僕は彼女の行動をすぐに止める必要があったので、彼女のおでこを拳骨で叩いて彼女を後ろに倒した。
「痛い、痛い、あなた私の頭を叩いた。わあ~ん」と更に大声で泣き出したので、フェアーに来ていた通行人が皆こちらを見た。
僕は彼女を抱きかかえて、
「マシュマロちゃん、どうか落ち着いてくれ。叩いたのは悪かった。ゴメンな。」
「あなた私の頭を叩いた。凄く痛かったわ。どうして頭を叩いたの。頭は危ないのに。」
頭はタイ人にとって神聖な場所で、気軽に触るのも良くないところなのに、拳骨で叩いてしまったので、彼女はそれがショックだった。

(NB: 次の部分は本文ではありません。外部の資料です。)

(* Assume $\Phi^{y,\dagger}\in L^1_{\mu_\theta}$ and $\Phi^{y,\mathrm{joint}}\in L^1_{\mu_\theta\otimes\mu_\delta}$. Then $$\max\{d_{\mathrm{KL}}(\mu^{y,\dagger}_{\theta,\delta}\Vert\mu^{y,\mathrm{joint}}_{\theta,\delta}),d_{\mathrm{KL}}(\mu^{y,\mathrm{joint}}_{\theta,\delta}\Vert\mu^{y,\dagger}_{\theta,\delta})\}\le C\Big\|\,|\mathcal{O}(\delta^\dagger-\delta)(\theta)|^2_{\Sigma_\varepsilon^{-1}}\Big\|^{1/2}_{L^1_{\mathbb{P}}},$$ where $C=2^{1/2}\exp\big(2\|\Phi^{y,\mathrm{joint}}\|_{L^1_{\mu_\theta\otimes\mu_\delta}}+2\|\Phi^{y,\dagger}\|_{L^1_{\mu_\theta}}\big)\big(\|\Phi^{y,\mathrm{joint}}\|^{1/2}_{L^1_{\mu_\theta\otimes\mu_\delta}}+\|\Phi^{y,\dagger}\|^{1/2}_{L^1_{\mu_\theta}}\big)$.
   Context: Let $\Theta$ be a Borel subset of a separable Banach space and $\mu_\theta$ a Borel probability measure on $\Theta$. Let $\mathcal{U}$ be a Banach space, $n\in\mathbb{N}$, $\mathcal{O}:\mathcal{U}\to\mathbb{R}^n$ continuous linear, $\mathcal{M}^\dagger,\mathcal{M}:\Theta\to\mathcal{U}$ measurable, $\delta^\dagger:=\mathcal{M}^\dagger-\mathcal{M}$. Let $\Sigma_\varepsilon\in\mathbb{R}^{n\times n}$ be symmetric positive definite, $y\in\mathbb{R}^n$ fixed, $|a|_L:=(a^\top La)^{1/2}$. Let $\Delta$ be a Radon space whose elements $\delta'$ are maps $\Theta\to\mathcal{U}$ with $(\theta',\delta')\mapsto\delta'(\theta')$ jointly measurable, and $\mu_\delta$ a Borel probability measure on $\Delta$. Misfits: $\Phi^{y,\dagger}(\theta')=\tfrac12|y-\mathcal{O}\mathcal{M}^\dagger(\theta')|^2_{\Sigma_\varepsilon^{-1}}$, lifted to $\Theta\times\Delta$ by $\Phi^{y,\dagger}(\theta',\delta'):=\Phi^{y,\dagger}(\theta')$; $\Phi^{y,\mathrm{joint}}(\theta',\delta')=\tfrac12|y-\mathcal{O}\mathcal{M}(\theta')-\mathcal{O}\delta'(\theta')|^2_{\Sigma_\varepsilon^{-1}}$. For a probability measure $\mu$ and measurable $\Phi\ge0$, $\mu_\Phi$ has density $\exp(-\Phi)/\int\exp(-\Phi)d\mu$ w.r.t. $\mu$. $\mu^{y,\dagger}_{\theta,\delta}:=(\mu_\theta\otimes\mu_\delta)_{\Phi^{y,\dagger}}$ and $\mu^{y,\mathrm{joint}}_{\theta,\delta}:=(\mu_\theta\otimes\mu_\delta)_{\Phi^{y,\mathrm{joint}}}$. $\theta\sim\mu_\theta$, $\delta\sim\mu_\delta$ independent under $\mathbb{P}$, so $\|F(\theta,\delta)\|_{L^1_{\mathbb{P}}}=\int|F|\,d(\mu_\theta\otimes\mu_\delta)$. $d_{\mathrm{KL}}(\mu\Vert\nu)=\int\log\frac{d\mu}{d\nu}d\mu$ if $\mu\ll\nu$, $+\infty$ otherwise. *)

theory Defs
  imports "HOL-Probability.Probability"
begin

definition wnorm :: "real^'n^'n \<Rightarrow> real^'n \<Rightarrow> real" where
  "wnorm L a = sqrt (a \<bullet> (L *v a))"

definition spd :: "real^'n^'n \<Rightarrow> bool" where
  "spd S \<longleftrightarrow> transpose S = S \<and> (\<forall>x. x \<noteq> 0 \<longrightarrow> x \<bullet> (S *v x) > 0)"

definition reweight :: "'a measure \<Rightarrow> ('a \<Rightarrow> real) \<Rightarrow> 'a measure" where
  "reweight \<mu> \<Phi> = density \<mu> (\<lambda>x. ennreal (exp (- \<Phi> x) / (\<integral>z. exp (- \<Phi> z) \<partial>\<mu>)))"

text \<open>For probability measures the negative part of the integrand is always integrable, so
  non-integrability means the integral is +infinity.\<close>
definition dKL :: "'a measure \<Rightarrow> 'a measure \<Rightarrow> ereal" where
  "dKL \<mu> \<nu> =
     (if sets \<mu> = sets \<nu> \<and> absolutely_continuous \<nu> \<mu>
         \<and> integrable \<mu> (\<lambda>x. ln (enn2real (RN_deriv \<nu> \<mu> x)))
      then ereal (\<integral>x. ln (enn2real (RN_deriv \<nu> \<mu> x)) \<partial>\<mu>)
      else \<infinity>)"

end

theory Submission
  imports Defs
begin

(* Both posteriors reweight the same prior by the potentials P = Phi^dag and Q = Phi^joint.
   For such Gibbs reweightings of a probability measure the log-density ratio is
   Q - P + ln (Z_Q / Z_P); bounding the logarithm by ln r <= r - 1 and the normaliser from below by
   Jensen, Z_P >= exp (- int P), gives d_KL <= exp (int P) * int |P - Q|.  Both potentials are halves
   of the quadratic form |.|^2 of Sigma^-1, so their difference is the bilinear pairing of a - b and
   a + b; a pointwise AM-GM split with a free parameter t, optimised only after integrating, bounds
   int |P - Q| by (int |a - b|^2 * (int P + int Q))^(1/2), and a - b is O (delta^dag - delta) (theta). *)

lemma inner_matrix_vector_symmetric:
  fixes L :: "real^'n^'n"
  assumes "transpose L = L"
  shows "u \<bullet> (L *v v) = v \<bullet> (L *v u)"
proof -
  have "u \<bullet> (L *v v) = (u v* L) \<bullet> v" by (simp add: dot_lmul_matrix)
  also have "u v* L = L *v u" by (metis assms transpose_transpose vector_transpose_matrix)
  finally show ?thesis by (simp add: inner_commute)
qed

lemma spd_nonneg: "spd S \<Longrightarrow> 0 \<le> v \<bullet> (S *v v)"
  unfolding spd_def by (cases "v = 0") (auto intro: less_imp_le)

lemma spd_matrix_inv:
  fixes S :: "real^'n^'n"
  assumes "spd S"
  shows "S ** matrix_inv S = mat 1" and "matrix_inv S ** S = mat 1"
proof -
  have "S *v x = 0 \<Longrightarrow> x = 0" for x
    using assms unfolding spd_def by (metis inner_zero_right less_irrefl)
  then obtain B :: "real^'n^'n" where "B ** S = mat 1"
    using matrix_left_invertible_ker by blast
  then have "invertible S" using invertible_left_inverse by blast
  then have "S ** matrix_inv S = mat 1 \<and> matrix_inv S ** S = mat 1"
    unfolding matrix_inv_def invertible_def by (rule someI_ex)
  then show "S ** matrix_inv S = mat 1" and "matrix_inv S ** S = mat 1" by auto
qed
(* Let $K:\mathbb{R}\to[0,\infty)$ be a mean continuous kernel which is variation diminishing on the line. Then its wrapped kernel $\widetilde K(e^{it})=\sum_{k\in\mathbb{Z}}K(t+2\pi k)$ is variation diminishing on the circle, i.e. $S_c(\widetilde K*f)\le S_c(f)$ for every $f\in L^1(\mathbb{S})$.
   Context: A function $K:\mathbb{R}\to[0,\infty)$ with $\int_{\mathbb{R}}K(t)\,dt=1$ is a mean continuous kernel if $2K(t)=\lim_{h\downarrow0}(K(t+h)+K(t-h))$ for all $t\in\mathbb{R}$. For reals, $S^-(x_1,\dots,x_n)$ counts the sign changes in the sequence ignoring zeros; for $g:\mathbb{R}\to\mathbb{R}$, $S^-(g)=\sup S^-(g(t_1),\dots,g(t_n))$ over all $n$ and $t_1<\dots<t_n$. $K$ is variation diminishing on the line (in the sense of Karlin) if $S^-(K*_{\mathbb{R}}g)\le S^-(g)$ for every $g$ for which the convolution $(K*_{\mathbb{R}}g)(y)=\int_{\mathbb{R}}K(y-x)g(x)\,dx$ exists. On $\mathbb{S}=\{z\in\mathbb{C}:|z|=1\}$ with $d\mu(z)=\frac{dt}{2\pi}$, $(g*f)(w)=\int_{\mathbb{S}}g(wz^{-1})f(z)\,d\mu(z)$. Cyclic sign changes: for a vector $\mathbf{x}\ne0$, $S_c(\mathbf{x})=S^-(x_j,\dots,x_n,x_1,\dots,x_{j-1},x_j)$ for any $x_j\ne0$, $S_c(0)=0$; points $z_l=e^{it_l}$ are in cyclic order if $t_1<\dots<t_n<t_1+2\pi$; for $f:\mathbb{S}\to\mathbb{R}$, $S_c(f)$ is the supremum of $S_c(f(z_1),\dots,f(z_n))$ over all points in cyclic order. *)

theory Defs
  imports "HOL-Analysis.Analysis"
begin

definition sign_changes :: "real list \<Rightarrow> nat" where
  "sign_changes xs = (let ys = filter (\<lambda>x. x \<noteq> 0) xs in
     card {i. Suc i < length ys \<and> ys ! i * ys ! Suc i < 0})"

「すぐにいちごを叩くのを止めたかったんだ。頭叩いたのはごめんね。いちごは運が悪かったけど、二人で頑張って売れるだけ売ろう。」
そう言って暫く抱きかかえていると、彼女の興奮は収まった。女の行動は感情に大きく左右されるので、まずは感情をコントロールしなければ話は進まない。
「今日は儲けはないかもしれないけど、頑張って売って、少しでも赤字じゃないようにするしかないよ。マシュマロちゃんの気持ちは僕も分かるよ。悔しいけど、きっとなんとかなるよ。」
そのうちに新しいお客さんがいちごを買いに来たので、彼女は泣き顔のままお客の対応をした。
その次のバスケットも状態は決して良くなかったが、最初のものよりは少しましだった。
僕達は、想定した価格よりも半分くらいの値段にして、この悪いいちご6バスケット分をなんとか売った。
傷んだいちごは、傷んだ部分だけ切り取って、一口大に大きさに切り分けカップに入れて、「いますぐ食べられる25バーツ」として売ったら、学生などに好評で売り抜けることが出来た。
白いいちごは、結局白いまま廃棄処分となった。